PURPOSE:To restrict a temperature rise of sliding heat of a piston ring and to reduce an amount of wear of the sliding part by a method wherein the sliding part of the piston ring of a piston is provided with a cylindrical liner composed of material having a high thermal conductivity. CONSTITUTION:Sliding parts of each of piston rings 5 and 5, i.e., inner surface of a cylinder 1 are provided with a cylindrical liner 12 composed of material having high thermal conductivity such as aluminum or copper or the like. This liner 12 is formed such that a separate member is press fitted or installed at the inner surface of the cylinder 1 through adhesion or formed to a predetermined thickness at the inner surface of the cylinder 1 through plating or vapor deposition or the like. Each of the piston rings 5 and 5 of a slacking piston 2 and a displacing element 3 is reciprocated and slid at the inner surface of the cylinder 1. A sliding heat generated by this operation is released in a longitudinal direction through the cylindrical liner 12, so that a temperature at the sliding part can be prevented from being increased. Accordingly, even if the cylinder 1 is made of stainless steel having a low thermal conductivity in order to prevent a thermal entrance from a surrounding releasing part to a heating stage 11, it is possible to reduce an amount of wear at the sliding part.

Description

【発明の詳細な説明】 (産業上の利用分野) 本発明は、超電導マグネ−/ )等の冷却に使用される
絶対温度数十に程度の極低温を得る極低温膨張機に関す
る。
DETAILED DESCRIPTION OF THE INVENTION (Field of Industrial Application) The present invention relates to a cryogenic expander that obtains cryogenic temperatures of several tens of degrees in absolute temperature, which is used for cooling superconducting magnets, etc.

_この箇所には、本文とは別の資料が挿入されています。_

lemma F_eq_integral:
  assumes "0 \<le> c" "c \<le> 1"
  shows "F c = (\<integral>u. indicator {..c} u * f u \<partial>lborel_01)"
proof -
  have "F c = (\<integral>w. indicator {0..c} w * f w \<partial>lborel)"
    by (simp add: F_def set_lebesgue_integral_def)
  also have "\<dots> = (\<integral>w. indicator ({0<..<1} \<inter> {..c}) w * f w \<partial>lborel)"
  proof (rule integral_cong_AE)
    show "(\<lambda>w. indicator {0..c} w * f w) \<in> borel_measurable lborel"
      "(\<lambda>w. indicator ({0<..<1} \<inter> {..c}) w * f w) \<in> borel_measurable lborel"
      using assms by (auto intro!: indicator_times_f_measurable)
    have "AE w in lborel. w \<noteq> 0 \<and> w \<noteq> 1"
      using AE_lborel_singleton[of 0] AE_lborel_singleton[of 1] by eventually_elim auto
    then show "AE w in lborel. indicator {0..c} w * f w = indicator ({0<..<1} \<inter> {..c}) w * f w"
      by eventually_elim (use assms in \<open>auto split: split_indicator\<close>)
  qed
  also have "\<dots> = (\<integral>u. indicator {..c} u * f u \<partial>lborel_01)"
    by (subst integral_restrict_space) (auto simp: indicator_inter_arith mult.assoc)
  finally show ?thesis .
qed
lemma norm_m_bias_le: "1 \<le> t \<Longrightarrow> t \<le> T \<Longrightarrow> norm (m_bias X t) \<le> (1 - b2) / b2 * drift"
proof (induction t rule: dec_induct)
  case base
  then show ?case using b2 drift_nonneg by (simp add: m_bias_1)
next
  case (step t)
  have "norm (m_bias X (Suc t)) = (1 - b2) * norm (m_bias X t + (grad_avg X t - grad_avg X (Suc t)))"
    using b2 step(1) by (simp add: m_bias_Suc add_diff_eq)
  also have "\<dots> \<le> (1 - b2) * ((1 - b2) / b2 * drift + drift)"
    using step b2 norm_grad_avg_step_le[of t X]
    by (intro mult_left_mono order.trans[OF norm_triangle_ineq] add_mono) auto
  also have "\<dots> = (1 - b2) / b2 * drift" using b2 by (simp add: field_simps)
  finally show ?case .
qed

lemma power2_norm_v_err_Suc_le:
  assumes "1 \<le> t" "t < T" "b1 \<le> 1"
  shows "(norm (v_err X (Suc t)))\<^sup>2
     \<le> (1 + (1 - b1)\<^sup>2 / 6) * (norm ((1 - b1) *\<^sub>R noise_ema X t + b1 *\<^sub>R noise X (Suc t)))\<^sup>2
       + ((1 - b1)\<^sup>2 + 6) * (drift / b2)\<^sup>2"
proof -
  have "norm (m_bias X t + grad_avg X t - grad_avg X (Suc t)) \<le> (1 - b2) / b2 * drift + drift"
    using norm_m_bias_le[of t X] norm_grad_avg_step_le[of t X] assms
    by (simp add: add_diff_eq[symmetric] order.trans[OF norm_triangle_ineq] add_mono)
  also have "\<dots> = drift / b2" using b2 by (simp add: field_simps)
  finally have drift_term: "(norm (m_bias X t + grad_avg X t - grad_avg X (Suc t)))\<^sup>2 \<le> (drift / b2)\<^sup>2"
    by (simp add: power_mono)
  have "(norm (v_err X (Suc t)))\<^sup>2
     \<le> (1 + (1 - b1)\<^sup>2 / 6) * (norm ((1 - b1) *\<^sub>R noise_ema X t + b1 *\<^sub>R noise X (Suc t)))\<^sup>2
       + ((1 - b1)\<^sup>2 + 6) * (norm (m_bias X t + grad_avg X t - grad_avg X (Suc t)))\<^sup>2"
    unfolding v_err_Suc_split[OF assms(1)] using assms(3) by (intro norm_add_scaleR_power2_le) simp
  also have "\<dots> \<le> (1 + (1 - b1)\<^sup>2 / 6) * (norm ((1 - b1) *\<^sub>R noise_ema X t + b1 *\<^sub>R noise X (Suc t)))\<^sup>2
       + ((1 - b1)\<^sup>2 + 6) * (drift / b2)\<^sup>2"
    using drift_term by (intro add_left_mono mult_left_mono) auto
  finally show ?thesis .
qed

end

section \<open>Expectation over the samples\<close>

locale dlion_noise = dlion_drift G n b1 b2 eta lam x1 gradf L T drift
  for G :: "nat \<Rightarrow> real^'d \<Rightarrow> 's \<Rightarrow> real^'d" and n b1 b2 eta lam x1 gradf L T drift +
  fixes D :: "nat \<Rightarrow> 's measure" and sigma :: real
  assumes D: "\<And>j. j \<in> {1..n} \<Longrightarrow> prob_space (D j)"
    and G_measurable: "\<And>j. j \<in> {1..n} \<Longrightarrow> (\<lambda>(x, s). G j x s) \<in> borel_measurable (borel \<Otimes>\<^sub>M D j)"
    and G_integrable: "\<And>j x. j \<in> {1..n} \<Longrightarrow> integrable (D j) (G j x)"
    and G_unbiased: "\<And>j x. j \<in> {1..n} \<Longrightarrow> (\<integral>s. G j x s \<partial>D j) = gradf j x"
    and G_variance: "\<And>j x. j \<in> {1..n} \<Longrightarrow>
      (\<integral>\<^sup>+s. ennreal ((norm (G j x s - gradf j x))\<^sup>2) \<partial>D j) \<le> ennreal (sigma\<^sup>2)"
    and b1: "0 < b1" "b1 \<le> 1" and b12: "b2\<^sup>2 \<le> b1" "b1 \<le> sqrt b2"
begin

definition samples :: "(nat \<times> nat) set" where
  "samples = {1..T} \<times> {1..n}"

text \<open>\<open>D j\<close> is a probability space only for \<open>j \<in> {1..n}\<close>; the padding makes every factor of
  the product one.\<close>
definition sample_space :: "nat \<times> nat \<Rightarrow> 's measure" where
  "sample_space = (\<lambda>(t, j). D (if j \<in> {1..n} then j else 1))"

abbreviation sample_measure :: "(nat \<times> nat \<Rightarrow> 's) measure" where
  "sample_measure \<equiv> PiM samples sample_space"

abbreviation path :: "(nat \<times> nat \<Rightarrow> 's) \<Rightarrow> nat \<Rightarrow> nat \<Rightarrow> 's" where
  "path w \<equiv> \<lambda>r j. w (r, j)"

lemma sample_space_eq: "j \<in> {1..n} \<Longrightarrow> sample_space (t, j) = D j"
  by (simp add: sample_space_def)

lemma prob_space_sample_space: "prob_space (sample_space i)"
  using D n by (cases i) (auto simp: sample_space_def)

lemma PiM_samples_eq: "PiM samples (\<lambda>(t, j). D j) = sample_measure"
  by (intro PiM_cong) (auto simp: samples_def sample_space_eq)

lemma measurable_G_sample:
  assumes h: "h \<in> borel_measurable sample_measure" and "(r, j) \<in> samples"
  shows "(\<lambda>w. G j (h w) (w (r, j))) \<in> borel_measurable sample_measure"
proof -
  have j: "j \<in> {1..n}" using \<open>(r, j) \<in> samples\<close> by (simp add: samples_def)
  have "(\<lambda>w. w (r, j)) \<in> measurable sample_measure (D j)"
    using measurable_component_singleton[OF \<open>(r, j) \<in> samples\<close>, of sample_space]
    by (simp add: sample_space_eq[OF j])
  with h have "(\<lambda>w. (h w, w (r, j))) \<in> measurable sample_measure (borel \<Otimes>\<^sub>M D j)"
    by (rule measurable_Pair)
  from measurable_compose[OF this G_measurable[OF j]] show ?thesis by simp
qed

(従来の技術) 従来、実開昭62−28088号公報に開示され、かつ
、第2図に示すように、ヘリウム等の高圧ガスの導入と
低圧ガスの排気とが繰り返されるシリンダ(S)の内部
にピストン(P)を内装し、このピストン(P)を、外
周部に嵌合したピストンリング(R)を介して前記シリ
ンダ(P)の内面に往復摺動させ、シリンダ(S)の端
部膨張空間に隣接して設けるヒートステージに極低温を
得るようにしている。
(Prior Art) Conventionally, as disclosed in Japanese Utility Model Application Publication No. 62-28088, and as shown in FIG. A piston (P) is installed inside, and this piston (P) is slid back and forth on the inner surface of the cylinder (P) via a piston ring (R) fitted to the outer circumference, and the end of the cylinder (S) is An extremely low temperature is obtained in the heat stage provided adjacent to the partial expansion space.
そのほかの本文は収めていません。